Jean Fullerton

fall in love with the past

A Glimpse at Happiness

glimpse_cover

Jean's new novel, A Glimpse at Happiness, will be launched next week (19th November)

Buy No Cure for Love from Amazon.com

No Cure for Love

No Cure for Love

The East End brought them together... and tore them apart 

Read more...

Buy No Cure for Love from Amazon.com

Frequently Asked Questions

 

I though I would answer some of the questions I’m asked when I do talks and am at literary conferences.

When did I start writing?

I started writing about 6 years ago when I was a manager in the NHS. My bosses sent me on to a training course for stress management.  On the course recommended that to reduce stress at work the participants should undertake some form of recreational activity.  I have always loved historical romance and often thought would love to write one.  So I open my laptop and started to tap away.  After a couple of months I found I'd written a whole story.  I could not believe it, I had actually written a book but was any good?
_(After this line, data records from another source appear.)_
(* Let $l,m\ge0$ be integers with $l+m\ge1$. There exist real constants $\tilde\alpha_{l,m},\tilde\beta_{l,m},\tilde\gamma_{l,m},\tilde\delta_{l,m}$ and, for each index $k$ below, real polynomials in $h$ of the indicated degrees (depending only on $l,m,k$) such that for all $h\in(0,+\infty)$, writing $w=w(h)=\frac{\sqrt{1+4h}-1}{2}$: (i) if $n=2l+2m$, then $J_{2l,2m}(h)=\tilde\gamma_{l,m}h^{[n/2]}J_{0,0}(h)+\sum_{k=2}^{n}\hat\varphi_k(h)\,w^{k+\frac12}$ with $\deg\hat\varphi_k\le[\frac{n-k}{2}]$; (ii) if $n=2l+2m+1$, then $I_{2l,2m+1}(h)=\tilde\alpha_{l,m}h^{[\frac{n-1}{2}]}I_{0,1}(h)+\sum_{k=3}^{n}\tilde\varphi_k(h)\,w^{k+\frac12}$ and $J_{2l,2m+1}(h)=\tilde\delta_{l,m}h^{[\frac{n-1}{2}]}J_{0,1}(h)+\sum_{k=3}^{n}\tilde\psi_k(h)\,w^{k+\frac12}$, with $\deg\tilde\varphi_k,\deg\tilde\psi_k\le[\frac{n-k}{2}]$; (iii) if $n=2l+2m+2$, then $I_{2l+1,2m+1}(h)=\tilde\beta_{l,m}h^{[\frac{n-2}{2}]}I_{1,1}(h)+\sum_{k=4}^{n}\check\psi_k(h)\,w^{k}$ with $\deg\check\psi_k\le[\frac{n-k}{2}]$.
   Context: For $h>0$ let $u=\sqrt{(\sqrt{1+4h}-1)/2}$ (so $u^4+u^2=h$), $\Gamma_h$ the circle $x^2+y^2=h$, $A=(u,u^2)$, $B=(u,-u^2)$, $C=(-u,-u^2)$. Let $\widehat{AB}$ be the arc of $\Gamma_h$ traversed clockwise from $A$ to $B$ through $(\sqrt h,0)$, and $\widehat{BC}$ the arc traversed clockwise from $B$ to $C$ through $(0,-\sqrt h)$. For integers $i,j\ge0$, $I_{i,j}(h)=\int_{\widehat{AB}}x^iy^jdx$ and $J_{i,j}(h)=\int_{\widehat{BC}}x^iy^jdx$ (line integrals along the oriented arcs). $[p]$ denotes the integer part of $p$. *)

theory Defs
  imports "HOL-Analysis.Analysis" "HOL-Computational_Algebra.Polynomial"
begin

definition wfun :: "real \<Rightarrow> real" where
  "wfun h = (sqrt (1 + 4*h) - 1) / 2"

definition ufun :: "real \<Rightarrow> real" where
  "ufun h = sqrt ((sqrt (1 + 4*h) - 1) / 2)"

text \<open>Polar angle of A = (u, u^2) on the circle x^2+y^2=h (u>0, so the angle is arctan(u^2/u)).\<close>
definition thetaA :: "real \<Rightarrow> real" where
  "thetaA h = arctan (ufun h ^ 2 / ufun h)"

definition line_int_dx :: "(real \<times> real \<Rightarrow> real) \<Rightarrow> (real \<Rightarrow> real \<times> real) \<Rightarrow> real" where
  "line_int_dx P g = integral {0..1} (\<lambda>t. P (g t) * fst (vector_derivative g (at t)))"

text \<open>Arc AB of the circle x^2+y^2=h, clockwise from A through (sqrt h,0) to B.\<close>
definition arcAB :: "real \<Rightarrow> real \<Rightarrow> real \<times> real" where
  "arcAB h t = (let a = thetaA h - 2 * thetaA h * t in (sqrt h * cos a, sqrt h * sin a))"

text \<open>Arc BC, clockwise from B through (0,-sqrt h) to C = (-u,-u^2).\<close>
definition arcBC :: "real \<Rightarrow> real \<Rightarrow> real \<times> real" where
  "arcBC h t = (let a = - thetaA h - (pi - 2 * thetaA h) * t in (sqrt h * cos a, sqrt h * sin a))"

definition Iint :: "nat \<Rightarrow> nat \<Rightarrow> real \<Rightarrow> real" where
  "Iint i j h = line_int_dx (\<lambda>(x, y). x ^ i * y ^ j) (arcAB h)"

definition Jint :: "nat \<Rightarrow> nat \<Rightarrow> real \<Rightarrow> real" where
  "Jint i j h = line_int_dx (\<lambda>(x, y). x ^ i * y ^ j) (arcBC h)"

end

theory Submission
  imports Defs
begin

text \<open>On the circle write \<open>x = \<surd>h cos a, y = \<surd>h sin a\<close>; along an arc from angle \<open>\<alpha>\<close> to
  \<open>\<alpha> + \<beta>\<close> the integral of \<open>x\<^sup>i y\<^sup>j dx\<close> is \<open>h\<^bsup>(i+j+1)/2\<^esup> (\<Phi> \<alpha> - \<Phi> (\<alpha> + \<beta>))\<close> for any primitive \<open>\<Phi>\<close>
  of \<open>cos\<^sup>i sin\<^sup>j\<^sup>+\<^sup>1\<close>. These primitives are explicit: expanding the even power of \<open>cos\<close>
  or \<open>sin\<close> binomially gives a polynomial in \<open>cos\<close> or \<open>sin\<close>, except for
  \<open>cos\<^sup>2\<^sup>l sin\<^sup>2\<^sup>m\<^sup>+\<^sup>2\<close>, where Wallis' reduction formula adds a multiple of the angle.
  At \<open>A\<close> the angle \<open>\<theta>\<close> satisfies \<open>\<surd>h cos \<theta> = u\<close>, \<open>\<surd>h sin \<theta> = u\<^sup>2 = w\<close> and
  \<open>h = w (1 + w)\<close>, so every algebraic contribution is \<open>u\<close> (or \<open>1\<close>) times a polynomial
  in \<open>w\<close>, while any angular contribution is proportional to that of the base integral.
  Subtracting the right multiple of \<open>h\<^sup>l\<^sup>+\<^sup>m\<close> times the base integral removes it, or
  else the lowest resp. highest power of \<open>w\<close>; what remains is a combination of the powers \<open>w\<^sup>k\<^sup>+\<^sup>1\<^sup>/\<^sup>2\<close>
  (resp. \<open>w\<^sup>k\<close>) with constant coefficients.\<close>

definition monomial_span :: "nat \<Rightarrow> nat \<Rightarrow> (real \<Rightarrow> real) set" where
  "monomial_span lo hi = {f. \<exists>c. \<forall>x. f x = (\<Sum>k=lo..hi. c k * x ^ k)}"

lemma monomial_span_zero: "(\<lambda>x. 0) \<in> monomial_span lo hi"
  unfolding monomial_span_def by (intro CollectI exI[of _ "\<lambda>_. 0"]) simp

lemma monomial_span_add:
  assumes "f \<in> monomial_span lo hi" "g \<in> monomial_span lo hi"
  shows "(\<lambda>x. f x + g x) \<in> monomial_span lo hi"
proof -
  obtain c d where "\<And>x. f x = (\<Sum>k=lo..hi. c k * x ^ k)" "\<And>x. g x = (\<Sum>k=lo..hi. d k * x ^ k)"
    using assms unfolding monomial_span_def by blast
  then show ?thesis unfolding monomial_span_def
    by (intro CollectI exI[of _ "\<lambda>k. c k + d k"]) (simp add: sum.distrib algebra_simps)
qed

lemma monomial_span_cmult:
  assumes "f \<in> monomial_span lo hi"
  shows "(\<lambda>x. a * f x) \<in> monomial_span lo hi"
proof -
  obtain c where "\<And>x. f x = (\<Sum>k=lo..hi. c k * x ^ k)"
    using assms unfolding monomial_span_def by blast
  then show ?thesis unfolding monomial_span_def
    by (intro CollectI exI[of _ "\<lambda>k. a * c k"]) (simp add: sum_distrib_left algebra_simps)
qed

lemma monomial_span_diff:
  assumes "f \<in> monomial_span lo hi" "g \<in> monomial_span lo hi"
  shows "(\<lambda>x. f x - g x) \<in> monomial_span lo hi"
  using monomial_span_add[OF assms(1) monomial_span_cmult[OF assms(2), of "-1"]] by simp

lemma monomial_span_sum:
  assumes "\<And>i. i \<in> S \<Longrightarrow> g i \<in> monomial_span lo hi"
  shows "(\<lambda>x. \<Sum>i\<in>S. g i x) \<in> monomial_span lo hi"
  using assms
proof (induction S rule: infinite_finite_induct)
  case (insert a S)
  then show ?case using monomial_span_add[of "g a" lo hi "\<lambda>x. \<Sum>i\<in>S. g i x"] by simp
qed (simp_all add: monomial_span_zero)

lemma monomial_span_mono:
  assumes "f \<in> monomial_span lo hi" "lo' \<le> lo" "hi \<le> hi'"
  shows "f \<in> monomial_span lo' hi'"
proof -
  obtain c where c: "\<And>x. f x = (\<Sum>k=lo..hi. c k * x ^ k)"
    using assms(1) unfolding monomial_span_def by blast
  define c' where "c' k = (if k \<in> {lo..hi} then c k else 0)" for k
  have "(\<Sum>k=lo'..hi'. c' k * x ^ k) = (\<Sum>k=lo..hi. c k * x ^ k)" for x :: real
  proof -
    have "(\<Sum>k=lo'..hi'. c' k * x ^ k) = (\<Sum>k\<in>{lo'..hi'}. if k \<in> {lo..hi} then c k * x ^ k else 0)"
      unfolding c'_def by (intro sum.cong) auto
    also have "\<dots> = (\<Sum>k\<in>{lo'..hi'} \<inter> {lo..hi}. c k * x ^ k)"
      by (rule sum.inter_restrict[symmetric]) simp
    also have "{lo'..hi'} \<inter> {lo..hi} = {lo..hi}"
      using assms by auto
    finally show ?thesis .
  qed
  then show ?thesis
    unfolding monomial_span_def using c by (intro CollectI exI[of _ c']) simp
qed

lemma monomial_span_power: "(\<lambda>x. x ^ a) \<in> monomial_span a a"
  unfolding monomial_span_def by (intro CollectI exI[of _ "\<lambda>_. 1"]) simp

lemma monomial_span_mult_x:
  assumes "f \<in> monomial_span lo hi"
  shows "(\<lambda>x. x * f x) \<in> monomial_span (Suc lo) (Suc hi)"
proof -
  obtain c where "\<And>x. f x = (\<Sum>k=lo..hi. c k * x ^ k)"
    using assms unfolding monomial_span_def by blast
  then show ?thesis unfolding monomial_span_def
    by (intro CollectI exI[of _ "\<lambda>k. c (k - 1)"])
      (simp only: sum.shift_bounds_cl_Suc_ivl, simp add: sum_distrib_left algebra_simps)
qed

lemma monomial_span_mult_1_plus_x:
  assumes "f \<in> monomial_span lo hi"
  shows "(\<lambda>x. (1 + x) * f x) \<in> monomial_span lo (Suc hi)"
proof -
  have "(\<lambda>x. f x + x * f x) \<in> monomial_span lo (Suc hi)"
    using monomial_span_mono[OF assms] monomial_span_mono[OF monomial_span_mult_x[OF assms]]
    by (intro monomial_span_add) auto
  then show ?thesis by (simp add: algebra_simps)
qed

lemma monomial_span_power_1_plus: "(\<lambda>x. x ^ a * (1 + x) ^ b) \<in> monomial_span a (a + b)"
proof (induction b)
  case (Suc b)
  from monomial_span_mult_1_plus_x[OF this] show ?case by (simp add: algebra_simps)
qed (simp add: monomial_span_power)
I really didn't know, but I had another story in my head so I started typing again. A few months later there was another one. Oh my goodness! Then my dear husband stepped in and said that I couldn’t just keep typing way I should try to get them published. I searched the web and found the Romantic Novelist association. I joined their New Writers Scheme in 2003 and I have never looked back. 

Have you always wanted to write?

I have always wanted a time machine actual! But as that hasn’t been invented yet, I travel back in time in my imagination. Seriously, I didn’t know I could write and it was a bit of a surprise to find that I could. But now the cork has been popped from the bottle, so to speak, I can’t stop.  I have stories forming in my head all the time.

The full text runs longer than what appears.